Syllepte birdalis

Scientific classification
- Domain: Eukaryota
- Kingdom: Animalia
- Phylum: Arthropoda
- Class: Insecta
- Order: Lepidoptera
- Family: Crambidae
- Genus: Syllepte
- Species: S. birdalis
- Binomial name: Syllepte birdalis (Schaus, 1920)
- Synonyms: Sylepta birdalis Schaus, 1920;

= Syllepte birdalis =

- Authority: (Schaus, 1920)
- Synonyms: Sylepta birdalis Schaus, 1920

Species of moth

Syllepte birdalis is a moth in the family Crambidae. It was described by William Schaus in 1920. It is found in Venezuela.
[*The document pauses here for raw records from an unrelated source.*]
lemma has_real_derivative_pt:
  assumes "C1_metric u" and "t \<in> Tdom"
  shows "((\<lambda>s. u s th) has_real_derivative pt u t th) (at t within Tdom)"
proof -
  have "(\<lambda>s. u s th) differentiable (at t within Tdom)"
    using assms by (simp add: C1_metric_def)
  then show ?thesis
    unfolding pt_def has_real_derivative_iff_has_vector_derivative
    by (simp add: vector_derivative_works[symmetric])
qed

lemma exp_neg2_mu_bound:
  fixes m m' :: "real \<Rightarrow> real"
  assumes m: "\<And>s. 1 \<le> s \<Longrightarrow> (m has_real_derivative m' s) (at s within {1..})"
    and p_nonneg: "\<And>s. 1 \<le> s \<Longrightarrow> 0 \<le> exp (-2 * m s) * (2 * s * m' s - 1) + 1"
    and "1 \<le> t"
  shows "t * exp (-2 * m t) - t \<le> exp (-2 * m 1) - 1"
proof -
  have "t * exp (-2 * m t) - t \<le> 1 * exp (-2 * m 1) - 1"
  proof (rule DERIV_within_nonpos_imp_decreasing
      [where S = "{1..}" and F = "\<lambda>s. s * exp (-2 * m s) - s"])
    fix s assume "s \<in> {1..t}"
    then have "(m has_real_derivative m' s) (at s within {1..})" by (simp add: m)
    then show "((\<lambda>s. s * exp (-2 * m s) - s) has_real_derivative
        exp (-2 * m s) + s * (exp (-2 * m s) * (-2 * m' s)) - 1) (at s within {1..})"
      by (intro derivative_eq_intros) auto
    show "exp (-2 * m s) + s * (exp (-2 * m s) * (-2 * m' s)) - 1 \<le> 0"
      using p_nonneg[of s] \<open>s \<in> {1..t}\<close> by (simp add: algebra_simps)
  qed (use \<open>1 \<le> t\<close> in auto)
  then show ?thesis by simp
qed
(* Let $\{s_n\}$, $\{t_n\}$ be sequences of positive reals with $s_n\ge t_n\ge2$ and $s_{n+1}\ge s_n+t_n$ for all $n\ge1$. For $n\ge1$ let $\mathcal{D}_n$ be the set of $(\sigma_1,\dots,\sigma_n)\in\mathbb{N}^n$ with $s_k<\sigma_k\le s_k+t_k$ for all $1\le k\le n$, and for $(\sigma_1,\dots,\sigma_n)\in\mathcal{D}_n$ let \[ J_n(\sigma_1,\dots,\sigma_n):=\bigcup_{j\in\mathbb{N},\ s_{n+1}<j\le s_{n+1}+t_{n+1}} \overline{I_{n+1}(\sigma_1,\dots,\sigma_n,j)}. \] Then for any two distinct $(\sigma_1,\dots,\sigma_n),(\sigma'_1,\dots,\sigma'_n)\in\mathcal{D}_n$, the intervals $J_n(\sigma_1,\dots,\sigma_n)$ and $J_n(\sigma'_1,\dots,\sigma'_n)$ are disjoint and separated by a gap of length at least \[ \varepsilon_n:=\frac{1}{2^{n+3}}\cdot\frac{1}{s_1\cdots s_n\, s_n}. \]
   Context: Engel expansion: define $T:[0,1)\to[0,1)$ by $T(0)=0$ and $T(x)=x\lceil 1/x\rceil-1$ for $x\in(0,1)$. For irrational $x\in(0,1)$ set $d_1(x)=\lceil 1/x\rceil$ and $d_{n+1}(x)=d_1(T^n(x))$. For integers $2\le\sigma_1\le\cdots\le\sigma_m$, the cylinder $I_m(\sigma_1,\dots,\sigma_m)$ is the set of $x\in(0,1)$ with $d_k(x)=\sigma_k$ for $1\le k\le m$; it is the interval $[A_m,B_m)$ with $A_m=\sum_{k=1}^{m}\frac{1}{\sigma_1\cdots\sigma_k}$ and $B_m=\sum_{k=1}^{m-1}\frac{1}{\sigma_1\cdots\sigma_k}+\frac{1}{\sigma_1\cdots\sigma_{m-1}(\sigma_m-1)}$, of length $\frac{1}{\sigma_1\cdots\sigma_m(\sigma_m-1)}$. $\overline{A}$ denotes closure. *)

theory Defs
  imports "HOL-Analysis.Analysis"
begin

definition engel_T :: "real \<Rightarrow> real" where
  "engel_T x = (if x = 0 then 0 else x * of_int \<lceil>1 / x\<rceil> - 1)"

text \<open>Engel digits, indexed from 1: d_1 x = ceiling(1/x), d_(n+1) x = d_1 (T^n x).\<close>
definition engel_digit :: "nat \<Rightarrow> real \<Rightarrow> int" where
  "engel_digit n x = \<lceil>1 / ((engel_T ^^ (n - 1)) x)\<rceil>"

text \<open>Cylinder I_m(sigma_1,...,sigma_m), the digit list given as a list of length m
  (list position k-1 holds sigma_k).\<close>
definition engel_cyl :: "nat list \<Rightarrow> real set" where
  "engel_cyl \<sigma>s = {x. 0 < x \<and> x < 1 \<and>
      (\<forall>k<length \<sigma>s. engel_digit (Suc k) x = int (\<sigma>s ! k))}"

definition D_set :: "(nat \<Rightarrow> real) \<Rightarrow> (nat \<Rightarrow> real) \<Rightarrow> nat \<Rightarrow> nat list set" where
  "D_set s t n = {\<sigma>s. length \<sigma>s = n \<and>
      (\<forall>k\<in>{1..n}. s k < real (\<sigma>s ! (k - 1)) \<and> real (\<sigma>s ! (k - 1)) \<le> s k + t k)}"

definition J_set :: "(nat \<Rightarrow> real) \<Rightarrow> (nat \<Rightarrow> real) \<Rightarrow> nat \<Rightarrow> nat list \<Rightarrow> real set" where
  "J_set s t n \<sigma>s = (\<Union>j\<in>{j::nat. s (n + 1) < real j \<and> real j \<le> s (n + 1) + t (n + 1)}.
      closure (engel_cyl (\<sigma>s @ [j])))"

definition eps_gap :: "(nat \<Rightarrow> real) \<Rightarrow> nat \<Rightarrow> real" where
  "eps_gap s n = 1 / 2 ^ (n + 3) * (1 / ((\<Prod>k=1..n. s k) * s n))"

end

theory Submission
  imports Defs
begin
The wingspan is about 31 mm. The costal and inner margins to postmedial line on the forewings are ochreous yellow and there is a dark costal spot at the base, as well as a subbasal dark point on the inner margin. There are traces of an outbent antemedial smoky line from the subcostal, followed in the cell by a small double spot. There is also a lilacine line on the discocellular, edged by fuscous lines. The postmedial line is fuscous and the terminal space beyond this line is lilacine brown. The hindwings have a smoky line on the discocellular. The postmedial line is fine, forming three lunules to vein 2 where it is upbent, then angled and straight to the inner margin. There is a lilacine brown shade at the apex.